Я голышом стоял рядом с Дэвидом Куком над трехногим рукомойником возле палатки, пытаясь смыть с себя пот сражения, и вдруг - бум-бах-бабах-тра-та-та-та-та - небо взорвалось страшным грохотом, среди которого выделялся треск пулеметов и рев моторов. Я подпрыгнул от неожиданности, и Дэвид тоже. Взглянув наверх, мы увидели длинную череду "Мессершмитов-109", несущихся прямо на нас на огромной скорости. Они летели низко и палили из всех своих стволов. Мы распластались на траве и приготовились к самому худшему.
Я еще ни разу не попадал под воздушный обстрел и должен признаться, ощущение не из приятных, особенно если тебя застигли на открытом пространстве, да еще и без штанов. Лежишь и следишь за пулями, которые скачут по траве, вырывая куски почвы прямо у тебя под носом, и спастись можно только спрятавшись в глубокой канаве.
109-е летели друг за другом, почти задевая днищем палатки, и когда они с ревом проносились надо мной, голую спину обдавало мощной струей воздуха. Помню, я вывернул голову набок, и мне удалось разглядеть пилотов в кабинах в черных шлемах и кислородных масках цвета хаки, закрывавших носы и губы, а один щеголь нацепил ярко-желтый шарф, аккуратно заправив его в распахнутый ворот гимнастерки. Очков на глазах у них не было, и пару раз я поймал сосредоточенное выражение немецких глаз, уставившихся прямо перед собой.
- Все! Нам крышка! - кричал Дэвид. - Они разбомбят все наши самолеты!
- К черту самолеты! - прокричал я в ответ. - С нами-то как?
- Им нужны "Харрикейны", - крикнул Дэввд. - Они разнесут их по одному. Смотри.

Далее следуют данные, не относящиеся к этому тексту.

(* Let $A\in\mathbb{C}\setminus\{0\}$, let $\sqrt{A}$ denote either square root of $A$, and let $|q|<1$. Define $G(A;q):=\sum_{n\geq0}\frac{q^{n^2+2n}(A;q^2)_n}{(q^2;q^2)_n}$. Then $$G(A;q)=\frac1{2\sqrt{A}} (-q;q^2)_{\infty}\left[(-\sqrt{A};-q)_{\infty}- (\sqrt{A};-q)_{\infty}\right].$$
   Context: The $q$-Pochhammer symbol: $(a;q)_0=1$, $(a;q)_n=\prod_{j=0}^{n-1}(1-aq^j)$ for $n\ge1$, and $(a;q)_\infty=\prod_{j\ge0}(1-aq^j)$. *)

theory Defs
  imports "HOL-Analysis.Analysis"
begin

definition qpoch :: "complex \<Rightarrow> complex \<Rightarrow> nat \<Rightarrow> complex" where
  "qpoch a q n = (\<Prod>j<n. 1 - a * q ^ j)"

definition qpoch_inf :: "complex \<Rightarrow> complex \<Rightarrow> complex" where
  "qpoch_inf a q = (\<Prod>j. 1 - a * q ^ j)"

definition G :: "complex \<Rightarrow> complex \<Rightarrow> complex" where
  "G A q = (\<Sum>n. q ^ (n\<^sup>2 + 2 * n) * qpoch A (q\<^sup>2) n / qpoch (q\<^sup>2) (q\<^sup>2) n)"

end

theory Submission
  imports Defs
begin

text \<open>
  By the Cauchy q-binomial theorem, (A;q^2)_n / (q^2;q^2)_n is a finite sum over k <= n, so
  G(A;q) becomes an absolutely convergent double series over pairs (k, m) with n = k + m.
  Summing over m first with Euler's identity
    sum_m Q^(m choose 2) w^m / (Q;Q)_m = (-w;Q)_inf,   Q = q^2,
  leaves (-q;q^2)_inf sum_k A^k c_(2k+1), where c_n = (-q)^(n choose 2) / (-q;-q)_n are
  Euler's coefficients to the base -q; here (-q;-q)_(2k+1) = (q^2;q^2)_k (-q;q^2)_(k+1).
  For A = s^2 the remaining series is 1/s times the odd part of Euler's series
  sum_n c_n s^n = (-s;-q)_inf.
\<close>

lemma summable_norm_ratio_vanishing:
  fixes f :: "nat \<Rightarrow> 'a::real_normed_vector"
  assumes ratio: "\<And>n. norm (f (Suc n)) \<le> C * r ^ n * norm (f n)" and "0 \<le> r" "r < 1"
  shows "summable (\<lambda>n. norm (f n))"
proof -
  have "(\<lambda>n. C * r ^ n) \<longlonglongrightarrow> 0"
    using assms(2,3) by (intro tendsto_mult_right_zero LIMSEQ_power_zero) auto
  then have "eventually (\<lambda>n. C * r ^ n < 1/2) sequentially"
    by (rule order_tendstoD) auto
  then obtain N where N: "\<And>n. n \<ge> N \<Longrightarrow> C * r ^ n < 1/2"
    by (auto simp: eventually_at_top_linorder)
  show ?thesis
  proof (rule summable_ratio_test[of "1/2" N])
    fix n assume "n \<ge> N"
    have "norm (f (Suc n)) \<le> C * r ^ n * norm (f n)" by (rule ratio)
    also have "\<dots> \<le> 1/2 * norm (f n)"
      using N[OF \<open>n \<ge> N\<close>] by (intro mult_right_mono) auto
    finally show "norm (norm (f (Suc n))) \<le> 1/2 * norm (norm (f n))" by simp
  qed auto
qed

lemma sums_odd_terms:
  fixes c :: "nat \<Rightarrow> 'a::real_normed_field"
  assumes "(\<lambda>n. c n * z ^ n) sums F" and "(\<lambda>n. c n * (- z) ^ n) sums F'"
  shows "(\<lambda>k. c (2 * k + 1) * z ^ (2 * k + 1)) sums ((F - F') / 2)"
proof -
  define h where "h n = c n * z ^ n - c n * (- z) ^ n" for n
  have "h sums (F - F')"
    unfolding h_def using assms by (rule sums_diff)
  moreover have "h n = 0" if "n \<notin> range (\<lambda>k. 2 * k + 1)" for n
    using that oddE[of n] by (force simp: h_def)
  ultimately have "(\<lambda>k. h (2 * k + 1)) sums (F - F')"
    by (subst sums_mono_reindex) (auto intro: strict_monoI)
  then have "(\<lambda>k. h (2 * k + 1) / 2) sums ((F - F') / 2)"
    by (rule sums_divide)
  then show ?thesis
    by (simp add: h_def mult_ac)
qed

lemma sums_antidiagonal:
  fixes f :: "nat \<times> nat \<Rightarrow> 'a::{topological_comm_monoid_add,t3_space}"
  assumes "(f has_sum S) UNIV"
  shows "(\<lambda>n. \<Sum>k\<le>n. f (k, n - k)) sums S"
proof -
  define g :: "nat \<times> nat \<Rightarrow> nat \<times> nat" where "g = (\<lambda>(n, k). (k, n - k))"
  have "bij_betw g (SIGMA n:UNIV. {..n}) UNIV"
    by (rule bij_betwI[where g = "\<lambda>(k, m). (k + m, k)"]) (auto simp: g_def)
  then have "((\<lambda>x. f (g x)) has_sum S) (SIGMA n:UNIV. {..n})"
    using assms by (simp add: has_sum_reindex_bij_betw)
  then have "((\<lambda>n. \<Sum>k\<le>n. f (k, n - k)) has_sum S) UNIV"
    by (rule has_sum_SigmaD) (simp add: g_def)
  then show ?thesis
    by (rule has_sum_imp_sums)
qed

lemma sums_row_sums:
  fixes f :: "nat \<times> nat \<Rightarrow> 'a::banach"
  assumes S: "(f has_sum S) UNIV" and rows: "\<And>k. (\<lambda>m. f (k, m)) sums r k"
  shows "r sums S"
proof -
  have row_sums: "((\<lambda>m. f (k, m)) has_sum r k) UNIV" for k
  proof -
    have "f summable_on range (Pair k)"
      using has_sum_imp_summable[OF S] by (rule summable_on_subset_banach) simp
    then have "(f \<circ> Pair k) summable_on UNIV"
      using summable_on_reindex[of "Pair k" UNIV f] by (simp add: inj_on_def)
    then have row: "((\<lambda>m. f (k, m)) has_sum infsum (\<lambda>m. f (k, m)) UNIV) UNIV"
      by (simp add: o_def)
    have "infsum (\<lambda>m. f (k, m)) UNIV = r k"
      using has_sum_imp_sums[OF row] rows by (rule sums_unique2)
    with row show ?thesis
      by simp
  qed
  have "(f has_sum S) (SIGMA k:UNIV. UNIV)"
    using S by simp
  then have "(r has_sum S) UNIV"
    by (rule has_sum_SigmaD) (rule row_sums)
  then show ?thesis
    by (rule has_sum_imp_sums)
qed

lemma summable_on_dominated_product:
  fixes f :: "nat \<times> nat \<Rightarrow> 'a::banach"
  assumes "summable a" "summable b" "\<And>k. 0 \<le> a k" "\<And>m. 0 \<le> b m"
    and bound: "\<And>k m. norm (f (k, m)) \<le> a k * b m"
  shows "f summable_on UNIV"
proof -
  have rows: "((\<lambda>m. a k * b m) has_sum a k * suminf b) UNIV" for k
    using assms(2,4)
    by (intro has_sum_cmult_right sums_nonneg_imp_has_sum) (auto simp: summable_sums)
  have "(\<lambda>k. a k * suminf b) summable_on UNIV"
    using assms(1,3)
    by (intro summable_on_cmult_left sums_nonneg_imp_has_sum[THEN has_sum_imp_summable])
      (auto simp: summable_sums)
  then have "(\<lambda>(k, m). a k * b m) summable_on (SIGMA k:UNIV. UNIV)"
    using rows assms(3,4) by (intro summable_on_SigmaI) auto
  then have "(\<lambda>(k, m). a k * b m) summable_on UNIV"
    by simp
  then have "(\<lambda>km. norm (f km)) summable_on UNIV"
    by (rule summable_on_comparison_test) (use bound in auto)
  then show ?thesis
    by (rule abs_summable_summable)
qed

lemma qpoch_0 [simp]: "qpoch a q 0 = 1"
  by (simp add: qpoch_def)

lemma qpoch_Suc: "qpoch a q (Suc n) = qpoch a q n * (1 - a * q ^ n)"
  by (simp add: qpoch_def lessThan_Suc mult.commute)

lemma norm_one_minus_mult_power_ge:
  fixes a q :: complex
  assumes "norm q \<le> 1"
  shows "1 - norm a \<le> norm (1 - a * q ^ n)"
proof -
  have "norm (a * q ^ n) \<le> norm a"
    using assms by (simp add: norm_mult norm_power mult_left_le power_le_one)
  then show ?thesis
    using norm_triangle_ineq3[of 1 "a * q ^ n"] by simp
qed

lemma qpoch_nonzero:
  fixes a q :: complex
  assumes "norm a < 1" "norm q \<le> 1"
  shows "qpoch a q n \<noteq> 0"
proof -
  have "1 - a * q ^ j \<noteq> 0" for j
    using norm_one_minus_mult_power_ge[OF assms(2), of a j] assms(1) by auto
  then show ?thesis
    by (simp add: qpoch_def)
qed

lemma qpoch_LIMSEQ:
  fixes a q :: complex
  assumes "norm q < 1"
  shows "(\<lambda>n. qpoch a q n) \<longlonglongrightarrow> qpoch_inf a q"
proof -
  have "summable (\<lambda>j. norm a * norm q ^ j)"
    using assms by (intro summable_mult summable_geometric) auto
  then have "convergent_prod (\<lambda>j. 1 - a * q ^ j)"
    by (intro abs_convergent_prod_imp_convergent_prod summable_imp_abs_convergent_prod)
       (simp add: norm_mult norm_power)
  then have "(\<lambda>n. \<Prod>j\<le>n. 1 - a * q ^ j) \<longlonglongrightarrow> qpoch_inf a q"
    unfolding qpoch_inf_def by (rule convergent_prod_LIMSEQ)
  then have "(\<lambda>n. qpoch a q (Suc n)) \<longlonglongrightarrow> qpoch_inf a q"
    by (simp add: qpoch_def lessThan_Suc_atMost)
  then show ?thesis
    by (rule LIMSEQ_imp_Suc)
qed

lemma double_choose_two_plus_self: "2 * (n choose 2) + n = n * n"
  by (induction n) (simp_all add: numeral_2_eq_2 algebra_simps)

lemma norm_power2_less_1:
  fixes q :: complex
  shows "norm q < 1 \<Longrightarrow> norm (q\<^sup>2) < 1"
  by (simp add: norm_power power_less_one_iff)

definition euler_coeff :: "complex \<Rightarrow> nat \<Rightarrow> complex" where
  "euler_coeff Q n = Q ^ (n choose 2) / qpoch Q Q n"

definition euler_series :: "complex \<Rightarrow> complex \<Rightarrow> complex" where
  "euler_series Q z = (\<Sum>n. euler_coeff Q n * z ^ n)"

lemma euler_coeff_Suc:
  assumes "norm Q < 1"
  shows "euler_coeff Q (Suc n) * (1 - Q * Q ^ n) = euler_coeff Q n * Q ^ n"
  using qpoch_nonzero[of Q Q "Suc n"] assms
  by (simp add: euler_coeff_def qpoch_Suc numeral_2_eq_2 power_add)

lemma summable_norm_euler_series:
  assumes Q: "norm Q < 1"
  shows "summable (\<lambda>n. norm (euler_coeff Q n * z ^ n))"
proof (rule summable_norm_ratio_vanishing[where C = "norm z / (1 - norm Q)" and r = "norm Q"])
  fix n
  have lower: "1 - norm Q \<le> norm (1 - Q * Q ^ n)" and pos: "0 < 1 - norm Q"
    using Q by (auto intro: norm_one_minus_mult_power_ge)
  have "euler_coeff Q (Suc n) * z ^ Suc n * (1 - Q * Q ^ n)
      = (euler_coeff Q (Suc n) * (1 - Q * Q ^ n)) * z ^ Suc n"
    by (simp only: mult_ac)
  also have "\<dots> = Q ^ n * z * (euler_coeff Q n * z ^ n)"
    by (simp only: euler_coeff_Suc[OF Q]) (simp add: mult_ac)
  finally have "norm (euler_coeff Q (Suc n) * z ^ Suc n) * norm (1 - Q * Q ^ n)
      = norm Q ^ n * norm z * norm (euler_coeff Q n * z ^ n)"
    by (metis norm_mult norm_power)
  then have "norm (euler_coeff Q (Suc n) * z ^ Suc n)
      = norm Q ^ n * norm z * norm (euler_coeff Q n * z ^ n) / norm (1 - Q * Q ^ n)"
    using lower pos by (intro eq_divide_imp) auto
  also have "\<dots> \<le> norm Q ^ n * norm z * norm (euler_coeff Q n * z ^ n) / (1 - norm Q)"
    using lower pos by (intro divide_left_mono mult_pos_pos) auto
  finally show "norm (euler_coeff Q (Suc n) * z ^ Suc n)
      \<le> norm z / (1 - norm Q) * norm Q ^ n * norm (euler_coeff Q n * z ^ n)"
    by (simp add: mult_ac)
qed (use Q in auto)

lemma euler_series_sums:
  assumes "norm Q < 1"
  shows "(\<lambda>n. euler_coeff Q n * z ^ n) sums euler_series Q z"
  unfolding euler_series_def
  using summable_norm_euler_series[OF assms] by (rule summable_sums[OF summable_norm_cancel])

lemma euler_series_shift:
  assumes Q: "norm Q < 1"
  shows "euler_series Q z = (1 + z) * euler_series Q (z * Q)"
proof -
  define a where "a n = euler_coeff Q n * z ^ n" for n
  define b where "b n = euler_coeff Q n * (z * Q) ^ n" for n
  have "(\<lambda>n. a n - b n) sums (euler_series Q z - euler_series Q (z * Q))"
    unfolding a_def b_def using Q by (intro sums_diff euler_series_sums)
  then have "(\<lambda>n. a (Suc n) - b (Suc n)) sums (euler_series Q z - euler_series Q (z * Q))"
    by (subst sums_Suc_iff) (simp add: a_def b_def)
  moreover have "a (Suc n) - b (Suc n) = z * b n" for n
  proof -
    have "a (Suc n) - b (Suc n) = z * z ^ n * (euler_coeff Q (Suc n) * (1 - Q * Q ^ n))"
      by (simp add: a_def b_def power_mult_distrib algebra_simps)
    also have "\<dots> = z * b n"
      by (simp add: euler_coeff_Suc[OF Q] b_def power_mult_distrib mult_ac)
    finally show ?thesis .
  qed
  ultimately have "(\<lambda>n. z * b n) sums (euler_series Q z - euler_series Q (z * Q))"
    by simp
  moreover have "(\<lambda>n. z * b n) sums (z * euler_series Q (z * Q))"
    unfolding b_def using Q by (intro sums_mult euler_series_sums)
  ultimately have "euler_series Q z - euler_series Q (z * Q) = z * euler_series Q (z * Q)"
    by (rule sums_unique2)
  then show ?thesis
    by (simp add: algebra_simps)
qed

Немцы знали, что кучка наших самолетов только что села после боя и теперь перезаправляется, а это - идеальный момент для наземного обстрела. Но они не знали, что вся наша противовоздушная оборона состоит из одной-единственной пушки "Бофорз", затаившейся где-то среди скал за нашим палаточным лагерем. В то время аэродромы на передовой линии фронта тщательно оберегали от нападения с воздуха, поэтому никто не любил летать на наземные обстрелы. Позже я тоже несколько раз совершал налеты на вражеские аэродромы, и мне это совсем не понравилось. Летишь на большой скорости и на маленькой высоте, и, если в твой самолет попадет пуля, почти нет шансов на спасение.
Немцы не могли знать, что наш аэродром прикрывает всего одна несчастная пушка, поэтому они не стали рисковать, сделали быстрый круг над полем и убрались восвояси.
Исчезли они так же внезапно, как появились, и, когда они улетели, над полем повисла поразительная тишина. У меня мелькнула мысль: вдруг всех убили, и в живых остались только мы с Дэвидом. Мы встали и огляделись вокруг. Наконец раздались голоса. Кто-то кричал, приказывая принести носилки, кого-то в окровавленной одежде вели к палатке врача. Но самое удивительное - наша старенькая пушка умудрилась сбить один "Мессершмит". Мы увидели его метрах в десяти над аэродромом с горящим двигателем, из которого вырывались клубы черного дыма. Он беззвучно скользил вниз, и мы с Дэвидом наблюдали, как он на крутом вираже заходит на посадку.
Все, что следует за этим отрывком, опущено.